Suspending the flow of economic data was one of the biggest impacts of the budget impasse. The economic data help market participants navigate the US economy and determine the likelihood of a shift in monetary policy. Now that the impasse has been lifted, several batches of economic data will make headlines next week, including delayed reports from the Labor Department and Census Bureau.
The biggest report to come our way next week will be the September nonfarm payrolls. The US economy is expected to have added 180,000 nonfarm payrolls last month, according to a median estimate of economists surveyed by Bloomberg. A higher reading will likely propel the US dollar higher. The payroll data will be accompanied by average earnings and the September unemployment rate.
In addition to the Labor report, the Census Bureau will release data on new home sales and durable goods orders. As investors shift their attention back to the data, better-than-expected readings will help the greenback retrace this week’s losses.
An active data pipeline will feed directly into speculation over monetary policy. Market participants will monitor the economic reports carefully to determine whether the Federal Reserve will begin curtailing the $85 billion in monthly asset purchases. Better-than-expected results will raise expectations for an imminent cut to monetary easing.
Market participants are increasingly shifting their expectations toward monetary policy. The government shutdown shaved at least 0.6 percent from fourth quarter GDP, according to the S&P Rating Service. The downward pressure on the economy makes a bond taper at this time less likely. The Federal Open Market Committee meets October 29-30 for the second last time this year.

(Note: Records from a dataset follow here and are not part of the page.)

lemma cube_group_simps [simp]:
  "carrier (cube_group n) = cube n" "mult (cube_group n) = vadd" "one (cube_group n) = vzero"
  by (simp_all add: cube_group_def)

lemma group_cube_group: "group (cube_group n)"
proof (rule groupI)
  show "\<exists>y\<in>carrier (cube_group n). y \<otimes>\<^bsub>cube_group n\<^esub> x = \<one>\<^bsub>cube_group n\<^esub>"
    if "x \<in> carrier (cube_group n)" for x
    using that by (intro bexI[of _ x]) simp_all
qed (auto simp: vadd_in_cube vadd_assoc vzero_in_cube)

lemma subgroup_cube_group:
  assumes "is_subgroup n H"
  shows "subgroup H (cube_group n)"
proof -
  interpret group "cube_group n" by (rule group_cube_group)
  have inv_self: "inv\<^bsub>cube_group n\<^esub> x = x" if "x \<in> cube n" for x
    using that by (intro inv_equality) simp_all
  show ?thesis
    using assms by (intro subgroupI) (auto simp: is_subgroup_def inv_self)
qed

lemma r_coset_cube_group: "H #>\<^bsub>cube_group n\<^esub> g = (\<lambda>h. vadd h g) ` H"
  by (auto simp: r_coset_def)

definition subgroup_index :: "nat \<Rightarrow> vec set \<Rightarrow> nat" where
  "subgroup_index n H = card (rcosets\<^bsub>cube_group n\<^esub> H)"

lemma card_cube_eq_index_mult_card:
  assumes "is_subgroup n H"
  shows "2 ^ n = subgroup_index n H * card H"
  using group.lagrange[OF group_cube_group subgroup_cube_group[OF assms]]
  by (simp add: subgroup_index_def order_def card_cube)

lemma subgroup_index_cube: "subgroup_index n (cube n) = 1"
  using card_cube_eq_index_mult_card[OF is_subgroup_cube, of n] by (simp add: card_cube)

section \<open>Characters of subgroups\<close>

lemma character_vzero:
  assumes "is_character H \<chi>" "vzero \<in> H"
  shows "\<chi> vzero = 1"
proof -
  have "\<chi> vzero * \<chi> vzero = \<chi> vzero * 1"
    using assms unfolding is_character_def by (metis mult_1_right vadd_zero(1))
  moreover have "\<chi> vzero \<noteq> 0"
    using assms unfolding is_character_def by force
  ultimately show ?thesis
    by (metis mult_left_cancel)
qed

lemma character_values:
  assumes "is_character H \<chi>" "is_subgroup n H" "x \<in> H"
  shows "\<chi> x = 1 \<or> \<chi> x = -1"
proof -
  have "\<chi> x * \<chi> x = \<chi> vzero"
    using assms unfolding is_character_def by (metis vadd_self)
  also have "\<dots> = 1"
    using character_vzero assms unfolding is_subgroup_def by blast
  finally show ?thesis
    using square_eq_1_iff by blast
qed

definition char_kernel :: "vec set \<Rightarrow> (vec \<Rightarrow> complex) \<Rightarrow> vec set" where
  "char_kernel H \<chi> = {x\<in>H. \<chi> x = 1}"

lemma character_outside_kernel:
  assumes "is_character H \<chi>" "is_subgroup n H" "x \<in> H - char_kernel H \<chi>"
  shows "\<chi> x = -1"
  using character_values[OF assms(1,2)] assms(3) by (auto simp: char_kernel_def)

lemma
  assumes ch: "is_character H \<chi>" and sg: "is_subgroup n H"
  shows is_subgroup_char_kernel: "is_subgroup n (char_kernel H \<chi>)"
    and vadd_outside_outside_char_kernel:
      "x \<in> H - char_kernel H \<chi> \<Longrightarrow> y \<in> H - char_kernel H \<chi> \<Longrightarrow> vadd x y \<in> char_kernel H \<chi>"
    and vadd_outside_inside_char_kernel:
      "x \<in> H - char_kernel H \<chi> \<Longrightarrow> y \<in> char_kernel H \<chi> \<Longrightarrow> vadd x y \<in> H - char_kernel H \<chi>"
proof -
  have mult: "\<chi> (vadd x y) = \<chi> x * \<chi> y" if "x \<in> H" "y \<in> H" for x y
    using that ch unfolding is_character_def by blast
  have closed: "vadd x y \<in> H" if "x \<in> H" "y \<in> H" for x y
    using that sg unfolding is_subgroup_def by blast
  have minus_one: "\<chi> x = -1" if "x \<in> H - char_kernel H \<chi>" for x
    by (rule character_outside_kernel[OF ch sg that])
  have "vzero \<in> H" "H \<subseteq> cube n"
    using sg unfolding is_subgroup_def by blast+
  then show "is_subgroup n (char_kernel H \<chi>)"
    using character_vzero[OF ch] mult closed unfolding is_subgroup_def char_kernel_def by auto
  show "vadd x y \<in> char_kernel H \<chi>" if "x \<in> H - char_kernel H \<chi>" "y \<in> H - char_kernel H \<chi>"
    using that mult[of x y] closed[of x y] minus_one[OF that(1)] minus_one[OF that(2)]
    by (simp add: char_kernel_def)
  show "vadd x y \<in> H - char_kernel H \<chi>" if "x \<in> H - char_kernel H \<chi>" "y \<in> char_kernel H \<chi>"
    using that mult[of x y] closed[of x y] minus_one[OF that(1)] by (simp add: char_kernel_def)
qed
lemma ctrl_field_top_lyapunov_decay:
  assumes "a > 0" "b > 0" "c > 0" "d > 0" "1/2 < xs" "xs \<le> 1" "top_edge_drift c d \<mu> u xs = 0"
    and quotient: "\<And>y. 1/2 \<le> y \<Longrightarrow> y \<le> 1 \<Longrightarrow> top_edge_quotient c d \<mu> u xs y \<le> - \<alpha>"
    and K: "K * (xs - 1/2) = 4 * (a + b + c + d)"
    and \<gamma>: "0 \<le> \<gamma>" "\<gamma> \<le> 2 * \<alpha>" "\<gamma> * K \<le> a + b + c + d"
    and v0: "v0 \<le> ((xs - 1/2) / 2)^2" "v0 \<le> K / 2"
    and sol: "is_solution (ctrl_field a b c d \<mu> u) unit_square \<phi>"
    and init: "top_lyapunov xs K (\<phi> 0) < v0" and "t \<ge> 0"
  shows "top_lyapunov xs K (\<phi> t) \<le> top_lyapunov xs K (\<phi> 0) * exp (- (\<gamma> * t))"
proof -
  define F where "F = ctrl_field a b c d \<mu> u"
  define v where "v t = top_lyapunov xs K (\<phi> t)" for t
  define v' where "v' t = 2 * (fst (\<phi> t) - xs) * fst (F (\<phi> t)) - K * snd (F (\<phi> t))" for t
  have "0 < K * (xs - 1/2)" using K assms(1-4) by simp
  then have "K > 0" using assms(5) by (simp add: zero_less_mult_iff)
  have deriv: "(v has_real_derivative v' t) (at t within {0..})" if "t \<ge> 0" for t
    unfolding v_def v'_def top_lyapunov_def F_def
    using is_solution_has_real_derivative[OF sol that]
    by (auto intro!: derivative_eq_intros)
  have square: "\<phi> t \<in> unit_square" if "t \<ge> 0" for t
    using sol that unfolding is_solution_def by blast
  have nonneg: "v t \<ge> 0" if "t \<ge> 0" for t
    using square[OF that] \<open>K > 0\<close> unfolding v_def top_lyapunov_def unit_square_def
    by (auto simp: mem_Times_iff)
  have decrease: "v' t \<le> - \<gamma> * v t" if "t \<ge> 0" "v t < v0" for t
  proof -
    obtain x r where \<phi>t: "\<phi> t = (x, r)" by fastforce
    have "x \<in> {0..1}" "r \<in> {0..1}" using square[OF that(1)] \<phi>t unfolding unit_square_def by auto
    then show ?thesis
      using ctrl_field_lyapunov_derivative_le[OF assms(1-7) quotient _ _ _ _ _ K \<gamma>]
        top_lyapunov_sublevel[OF \<open>K > 0\<close> assms(5) _ _ v0, of r x] that(2) \<phi>t
      unfolding v'_def v_def F_def top_lyapunov_def by auto
  qed
  have "v' s \<le> 0" if "s \<ge> 0" "v s < v0" for s
    using decrease[OF that] mult_nonneg_nonneg[OF \<open>\<gamma> \<ge> 0\<close> nonneg[OF that(1)]] by linarith
  then have "v s \<le> v 0" if "s \<ge> 0" for s
    using deriv_nonpos_below_imp_decreasing_Ici[OF deriv _ _ that] init unfolding v_def by blast
  then have "- v' s \<ge> (- \<gamma>) * (- v s)" if "s \<ge> 0" for s
    using decrease[OF that] init that unfolding v_def by force
  then have "(- v 0) * exp ((- \<gamma>) * t) \<le> - v t"
    using DERIV_minus[OF deriv] by (intro deriv_ge_mult_imp_exp_lower_bound_Ici[OF _ _ \<open>t \<ge> 0\<close>])
  then show ?thesis unfolding v_def by simp
qed

lemma top_lyapunov_coercive:
  assumes "K > 0" "\<epsilon> > 0"
  shows "\<exists>\<eta>>0. \<forall>z\<in>unit_square. top_lyapunov xs K z < \<eta> \<longrightarrow> dist z (xs, 1) < \<epsilon>"
proof (intro exI conjI ballI impI)
  show "min ((\<epsilon> / 2)^2) (K * (\<epsilon> / 2)) > 0" using assms by simp
  fix z :: "real \<times> real" assume "z \<in> unit_square" "top_lyapunov xs K z < min ((\<epsilon> / 2)^2) (K * (\<epsilon> / 2))"
  moreover obtain x r where z: "z = (x, r)" by fastforce
  ultimately have "r \<le> 1" "(x - xs)^2 + K * (1 - r) < (\<epsilon> / 2)^2" "(x - xs)^2 + K * (1 - r) < K * (\<epsilon> / 2)"
    unfolding unit_square_def top_lyapunov_def by auto
  moreover have "0 \<le> K * (1 - r)" using \<open>r \<le> 1\<close> \<open>K > 0\<close> by simp
  ultimately have "(x - xs)^2 < (\<epsilon> / 2)^2" "K * (1 - r) < K * (\<epsilon> / 2)"
    using zero_le_power2[of "x - xs"] by linarith+
  then have "\<bar>x - xs\<bar> < \<epsilon> / 2" "\<bar>r - 1\<bar> < \<epsilon> / 2"
    using power2_less_imp_less[of "\<bar>x - xs\<bar>" "\<epsilon> / 2"] \<open>\<epsilon> > 0\<close> \<open>r \<le> 1\<close>
      mult_less_cancel_left_pos[OF \<open>K > 0\<close>, of "1 - r" "\<epsilon> / 2"] by auto
  moreover have "dist z (xs, 1) \<le> \<bar>x - xs\<bar> + \<bar>r - 1\<bar>"
    using norm_Pair_le[of "x - xs" "r - 1"] unfolding z dist_norm by simp
  ultimately show "dist z (xs, 1) < \<epsilon>" by linarith
qed
theorem lemma4p2:
  fixes scale :: "'k::field \<Rightarrow> 'a::ab_group_add \<Rightarrow> 'a"
    and G :: "nat \<Rightarrow> 'a set"
    and mult :: "'a \<Rightarrow> 'a \<Rightarrow> 'a"
    and n :: nat
  assumes "gdn_superalgebra scale G mult"
    and "n \<ge> 1"
  shows "is_ideal scale mult (left_power scale mult n) \<and>
         sub_power scale mult (square_space scale mult) n \<subseteq> left_power scale mult (n + 1)"
proof -
  have "vector_space scale"
    using assms(1) by (simp add: gdn_superalgebra_def superalgebra_def)
  then interpret gdn_algebra scale G mult
    using assms(1) by (simp add: gdn_algebra_def gdn_algebra_axioms_def)
  show ?thesis
    using is_ideal_left_power sub_power_square_subset_left_power assms(2) by simp
qed

end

GBP/USD: The British pound surged two cents against the dollar after Congress ended the first government shutdown in 17 years. The pound was further supported by strong retail sales and declining jobless rates, the Office for National Statistics showed. At week’s end, the GBPUSD was still in the midst of an ascending structure, which suggests the pair may consolidate in the low-to-mid 1.61s before pulling ahead toward the 1.63 handle. A stronger-than-expected US jobs report could foil the upward momentum.
EUR/USD: Growing selling pressure for the US dollar is keeping the euro well supported. The EURUSD closed Friday’s session around 1.3866, a gain of 14 pips. The technical indicators show the pair erased its overbought readings, which means buying interest for EURUSD should continue. The pair’s support levels are 1.3595/28; on the upside, resistance forms ahead of the psychological 1.38 level. The euro will remain well supported next week so long as investors are convinced the Fed won’t taper bond purchases this year.
USD/CAD: The USDCAD ended the week down 70 pips. The upside momentum surrounding the North American pair is shrinking, with the Canadian dollar benefiting from the diversification of global foreign exchange reserves. A fall below 1.0250 signals the US dollar is in trouble. The pair could breach this price point should US data fail to meet expectations.
USD/JPY: The pair remains glued below the 98.0 line, after falling almost 100 pips on Thursday. The US dollar will likely remain lower against its Japanese counterpart so long as investors believe the Fed will continue to ease at its current rate. However, a strong trading bias for USDJPY is unnecessary so long as the pair remains range-bound (96.6-99.0).
For the first time since the government shutdown, the direction of the US dollar will depend largely on the data flows, and whether market participants can expect changes to monetary policy before Janet Yellen takes the chair at the Federal Reserve.